Records from a collection
Segment Open

lemma sym_qderiv_has_fps_expansion:
  assumes q: "0 < q" "q \<noteq> 1" and F: "F has_fps_expansion A"
  shows "sym_qderiv q F has_fps_expansion qderiv_fps q A"
proof -
  define c where "c = complex_of_real q"
  have c: "c \<noteq> 0" "c - inverse c \<noteq> 0"
    using q q_minus_inverse_neq_0[OF q] by (simp_all add: c_def)
  define D where "D = fps_const (1 / (c - inverse c)) *
      ((A oo fps_const c * fps_X) - (A oo fps_const (inverse c) * fps_X))"
  have dilate: "(\<lambda>x. F (d * x)) has_fps_expansion (A oo fps_const d * fps_X)" for d
  proof -
    have linear: "(\<lambda>x. d * x) has_fps_expansion fps_const d * fps_X"
      by (intro fps_expansion_intros)
    show ?thesis
      using has_fps_expansion_compose[OF F linear] by (simp add: o_def)
  qed
  have "(\<lambda>x. 1 / (c - inverse c) * (F (c * x) - F (inverse c * x))) has_fps_expansion D"
    unfolding D_def by (intro has_fps_expansion_cmult_left has_fps_expansion_diff dilate)
  moreover have D_nth: "D $ n = qnum q (of_nat n) * A $ n" for n
    using c by (simp add: D_def) (simp add: qnum_of_nat[OF q(1)] c_def[symmetric] field_simps)
  ultimately have "(\<lambda>x. if x = 0 then D $ 1 else 1 / (c - inverse c) * (F (c * x) - F (inverse c * x)) / x)
      has_fps_expansion fps_shift 1 D"
    by (intro has_fps_expansion_divide_X) simp_all
  moreover have "fps_shift 1 D = qderiv_fps q A"
    by (simp add: fps_eq_iff D_nth qderiv_fps_def)
  moreover have "(\<lambda>x. if x = 0 then D $ 1 else 1 / (c - inverse c) * (F (c * x) - F (inverse c * x)) / x)
      = sym_qderiv q F"
  proof
    fix x
    have "deriv F 0 = A $ 1"
      using fps_nth_fps_expansion[OF F, of 1] by simp
    then show "(if x = 0 then D $ 1 else 1 / (c - inverse c) * (F (c * x) - F (inverse c * x)) / x)
        = sym_qderiv q F x"
      using c by (simp add: D_nth qnum_1[OF q] sym_qderiv_def c_def[symmetric] divide_inverse mult_ac)
  qed
  ultimately show ?thesis
    by simp
qed

definition Jq_fps :: "real \<Rightarrow> complex \<Rightarrow> (complex \<Rightarrow> complex) \<Rightarrow> complex fps" where
  "Jq_fps q \<eta> f = fps_X + Abs_fps (\<lambda>n. if 2 \<le> n then Lq q \<eta> n * tcoef f n else 0)"

lemma Jq_fps_nth:
  "Jq_fps q \<eta> f $ n = (if n = 1 then 1 else if 2 \<le> n then Lq q \<eta> n * tcoef f n else 0)"
  by (simp add: Jq_fps_def)

lemma Jq_has_fps_expansion:
  assumes q: "0 < q" "q < 1" and \<eta>: "-1 < Re \<eta>" and hol: "f holomorphic_on ball 0 1"
  shows "Jq q \<eta> f has_fps_expansion Jq_fps q \<eta> f"
proof -
  define T where "T = Abs_fps (\<lambda>n. if 2 \<le> n then Lq q \<eta> n * tcoef f n else 0)"
  have "fps_conv_radius (Abs_fps (tcoef f)) \<le> fps_conv_radius T"
  proof (rule fps_conv_radius_le_of_norm_nth_le)
    fix n
    show "cmod (T $ n) \<le> cmod (qnum q (1 + \<eta>)) * cmod (Abs_fps (tcoef f) $ n)"
      using norm_Lq_le[OF q \<eta>, of n] by (auto simp: T_def norm_mult intro: mult_right_mono)
  qed
  moreover have "0 < fps_conv_radius (Abs_fps (tcoef f))"
    using has_fps_expansion_tcoef[OF hol] by (simp add: has_fps_expansion_def)
  ultimately have "eval_fps T has_fps_expansion T"
    by (intro eval_fps_has_fps_expansion) order
  then have "(\<lambda>z. z + eval_fps T z) has_fps_expansion fps_X + T"
    by (intro has_fps_expansion_add has_fps_expansion_fps_X)
  moreover have "T $ n * z ^ n = (if 2 \<le> n then Lq q \<eta> n * tcoef f n * z ^ n else 0)" for n z
    by (simp add: T_def)
  then have "Jq q \<eta> f = (\<lambda>z. z + eval_fps T z)"
    by (intro ext) (simp add: Jq_def eval_fps_def)
  ultimately show ?thesis
    by (simp add: Jq_fps_def T_def)
qed
(* Let $(M,\mathbf{p})$ be a projective manifold. If at some point $x\in M$ the map $\Psi_x:T_xM\to\Lambda^2T_x^*M\otimes T_xM$, $\xi^a\mapsto W_{ab}{}^c{}_d\xi^d$, has trivial kernel, then $\mathbf{p}$ is not induced by (i.e. does not contain) the Levi-Civita connection of a Sasaki structure on $M$.
   Context: A projective structure $\mathbf{p}$ is an equivalence class of torsion-free affine connections with the same unparametrised geodesics. For $\nabla\in\mathbf{p}$ (on $M$ of dimension $n+1$), with curvature $R_{ab}{}^c{}_d$ ($R_{ab}{}^c{}_d\xi^d=(\nabla_a\nabla_b-\nabla_b\nabla_a)\xi^c$), Ricci tensor $\mathrm{Ric}_{bd}=R_{cb}{}^c{}_d$ and $\mathsf{P}_{ab}=\frac{1}{n(n+2)}[(n+1)\mathrm{Ric}_{ab}+\mathrm{Ric}_{ba}]$, the projective Weyl curvature $W$ is defined by $R_{ab}{}^c{}_d=W_{ab}{}^c{}_d+2\delta^c{}_{[a}\mathsf{P}_{b]d}-2\mathsf{P}_{[ab]}\delta^c{}_d$; it depends only on $\mathbf{p}$. A Sasaki structure is a pseudo-Riemannian metric $g$ with Levi-Civita connection $\nabla$ and a Killing field $k$ of $g$ with $g_{ab}k^ak^b=1$ and $\nabla_a\nabla_bk^c=-g_{ab}k^c+\delta^c{}_ak_b$. *)

theory Defs
  imports "HOL-Analysis.Analysis"
begin

text \<open>Local coordinate setting: an open set U of real^'n (dimension n+1 = CARD('n)).
  Tensor fields are given by their components in the standard coordinates.\<close>

definition pd :: "'n::finite \<Rightarrow> (real^'n \<Rightarrow> real) \<Rightarrow> real^'n \<Rightarrow> real" where
  "pd i f x = frechet_derivative f (at x) (axis i 1)"

fun iterpd :: "'n::finite list \<Rightarrow> (real^'n \<Rightarrow> real) \<Rightarrow> real^'n \<Rightarrow> real" where
  "iterpd [] f = f"
| "iterpd (i # is) f = pd i (iterpd is f)"

definition smooth_fun :: "(real^'n::finite) set \<Rightarrow> (real^'n \<Rightarrow> real) \<Rightarrow> bool" where
  "smooth_fun U f \<longleftrightarrow> (\<forall>is. \<forall>x\<in>U. iterpd is f differentiable (at x))"

text \<open>A connection with Christoffel symbols: G x a b c = Gamma^c_ab at x,
  so that nabla_a xi^c = d_a xi^c + Gamma^c_ab xi^b.\<close>
type_synonym 'n christoffel = "real^'n \<Rightarrow> 'n \<Rightarrow> 'n \<Rightarrow> 'n \<Rightarrow> real"

definition torsion_free_conn :: "(real^'n::finite) set \<Rightarrow> 'n christoffel \<Rightarrow> bool" where
  "torsion_free_conn U G \<longleftrightarrow>
     (\<forall>a b c. smooth_fun U (\<lambda>y. G y a b c)) \<and> (\<forall>x\<in>U. \<forall>a b c. G x a b c = G x b a c)"

text \<open>Curvature R_ab^c_d, with R_ab^c_d xi^d = (nabla_a nabla_b - nabla_b nabla_a) xi^c
  (written out for a torsion-free connection).\<close>
definition curv :: "'n::finite christoffel \<Rightarrow> real^'n \<Rightarrow> 'n \<Rightarrow> 'n \<Rightarrow> 'n \<Rightarrow> 'n \<Rightarrow> real" where
  "curv G x a b c d =
     pd a (\<lambda>y. G y b d c) x - pd b (\<lambda>y. G y a d c) x
     + (\<Sum>e\<in>UNIV. G x a e c * G x b d e) - (\<Sum>e\<in>UNIV. G x b e c * G x a d e)"

definition ricci :: "'n::finite christoffel \<Rightarrow> real^'n \<Rightarrow> 'n \<Rightarrow> 'n \<Rightarrow> real" where
  "ricci G x b d = (\<Sum>c\<in>UNIV. curv G x c b c d)"

definition schouten :: "'n::finite christoffel \<Rightarrow> real^'n \<Rightarrow> 'n \<Rightarrow> 'n \<Rightarrow> real" where
  "schouten G x a b =
     (let n = real CARD('n) - 1 in ((n + 1) * ricci G x a b + ricci G x b a) / (n * (n + 2)))"

definition kdelta :: "'n \<Rightarrow> 'n \<Rightarrow> real" where
  "kdelta i j = (if i = j then 1 else 0)"

text \<open>Projective Weyl curvature W_ab^c_d, defined by
  R_ab^c_d = W_ab^c_d + 2 delta^c_[a P_b]d - 2 P_[ab] delta^c_d.\<close>
definition proj_weyl :: "'n::finite christoffel \<Rightarrow> real^'n \<Rightarrow> 'n \<Rightarrow> 'n \<Rightarrow> 'n \<Rightarrow> 'n \<Rightarrow> real" where
  "proj_weyl G x a b c d =
     curv G x a b c d
     - (kdelta c a * schouten G x b d - kdelta c b * schouten G x a d)
     + (schouten G x a b - schouten G x b a) * kdelta c d"

definition pregeodesic :: "(real^'n::finite) set \<Rightarrow> 'n christoffel \<Rightarrow> real set \<Rightarrow> (real \<Rightarrow> real^'n) \<Rightarrow> bool" where
  "pregeodesic U G I \<gamma> \<longleftrightarrow>
     (\<exists>\<gamma>' \<gamma>'' f. \<forall>t\<in>I. \<gamma> t \<in> U \<and>
        (\<gamma> has_vector_derivative \<gamma>' t) (at t) \<and>
        (\<gamma>' has_vector_derivative \<gamma>'' t) (at t) \<and>
        \<gamma>' t \<noteq> 0 \<and>
        (\<forall>c. \<gamma>'' t $ c + (\<Sum>a\<in>UNIV. \<Sum>b\<in>UNIV. G (\<gamma> t) a b c * \<gamma>' t $ a * \<gamma>' t $ b)
              = f t * \<gamma>' t $ c))"

text \<open>Two connections define the same projective structure iff they have the same
  unparametrised geodesics.\<close>
definition proj_equiv :: "(real^'n::finite) set \<Rightarrow> 'n christoffel \<Rightarrow> 'n christoffel \<Rightarrow> bool" where
  "proj_equiv U G G' \<longleftrightarrow>
     (\<forall>s t \<gamma>. s < t \<longrightarrow> (pregeodesic U G {s<..<t} \<gamma> \<longleftrightarrow> pregeodesic U G' {s<..<t} \<gamma>))"

definition pseudo_metric :: "(real^'n::finite) set \<Rightarrow> (real^'n \<Rightarrow> 'n \<Rightarrow> 'n \<Rightarrow> real) \<Rightarrow> bool" where
  "pseudo_metric U g \<longleftrightarrow>
     (\<forall>a b. smooth_fun U (\<lambda>y. g y a b)) \<and>
     (\<forall>x\<in>U. (\<forall>a b. g x a b = g x b a) \<and> det (\<chi> i j. g x i j) \<noteq> 0)"

definition levi_civita :: "(real^'n::finite) set \<Rightarrow> (real^'n \<Rightarrow> 'n \<Rightarrow> 'n \<Rightarrow> real) \<Rightarrow> 'n christoffel \<Rightarrow> bool" where
  "levi_civita U g G \<longleftrightarrow>
     (\<forall>x\<in>U. \<forall>a b c. G x a b c = G x b a c) \<and>
     (\<forall>x\<in>U. \<forall>a b c. pd a (\<lambda>y. g y b c) x
        - (\<Sum>d\<in>UNIV. G x a b d * g x d c) - (\<Sum>d\<in>UNIV. G x a c d * g x b d) = 0)"

definition cov_vec :: "'n::finite christoffel \<Rightarrow> (real^'n \<Rightarrow> real^'n) \<Rightarrow> real^'n \<Rightarrow> 'n \<Rightarrow> 'n \<Rightarrow> real" where
  "cov_vec G k x a c = pd a (\<lambda>y. k y $ c) x + (\<Sum>d\<in>UNIV. G x a d c * k x $ d)"

definition cov2_vec :: "'n::finite christoffel \<Rightarrow> (real^'n \<Rightarrow> real^'n) \<Rightarrow> real^'n \<Rightarrow> 'n \<Rightarrow> 'n \<Rightarrow> 'n \<Rightarrow> real" where
  "cov2_vec G k x a b c =
     pd a (\<lambda>y. cov_vec G k y b c) x
     + (\<Sum>e\<in>UNIV. G x a e c * cov_vec G k x b e)
     - (\<Sum>e\<in>UNIV. G x a b e * cov_vec G k x e c)"

definition sasaki :: "(real^'n::finite) set \<Rightarrow> (real^'n \<Rightarrow> 'n \<Rightarrow> 'n \<Rightarrow> real) \<Rightarrow> (real^'n \<Rightarrow> real^'n)
                      \<Rightarrow> 'n christoffel \<Rightarrow> bool" where
  "sasaki U g k G \<longleftrightarrow>
     pseudo_metric U g \<and> levi_civita U g G \<and>
     (\<forall>c. smooth_fun U (\<lambda>y. k y $ c)) \<and>
     (\<forall>x\<in>U.
        \<comment> \<open>Killing: nabla_a k_b + nabla_b k_a = 0\<close>
        (\<forall>a b. (\<Sum>c\<in>UNIV. g x b c * cov_vec G k x a c + g x a c * cov_vec G k x b c) = 0) \<and>
        (\<Sum>a\<in>UNIV. \<Sum>b\<in>UNIV. g x a b * k x $ a * k x $ b) = 1 \<and>
        (\<forall>a b c. cov2_vec G k x a b c =
            - g x a b * k x $ c + kdelta c a * (\<Sum>d\<in>UNIV. g x b d * k x $ d)))"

Segment Closed

Of all the entries above, output exactly the lines between the one holding "by (intro fps_expansion_intros)" and the one holding "by (simp add: fps_eq_iff", inclusive.

      by (intro fps_expansion_intros)
    show ?thesis
      using has_fps_expansion_compose[OF F linear] by (simp add: o_def)
  qed
  have "(\<lambda>x. 1 / (c - inverse c) * (F (c * x) - F (inverse c * x))) has_fps_expansion D"
    unfolding D_def by (intro has_fps_expansion_cmult_left has_fps_expansion_diff dilate)
  moreover have D_nth: "D $ n = qnum q (of_nat n) * A $ n" for n
    using c by (simp add: D_def) (simp add: qnum_of_nat[OF q(1)] c_def[symmetric] field_simps)
  ultimately have "(\<lambda>x. if x = 0 then D $ 1 else 1 / (c - inverse c) * (F (c * x) - F (inverse c * x)) / x)
      has_fps_expansion fps_shift 1 D"
    by (intro has_fps_expansion_divide_X) simp_all
  moreover have "fps_shift 1 D = qderiv_fps q A"
    by (simp add: fps_eq_iff D_nth qderiv_fps_def)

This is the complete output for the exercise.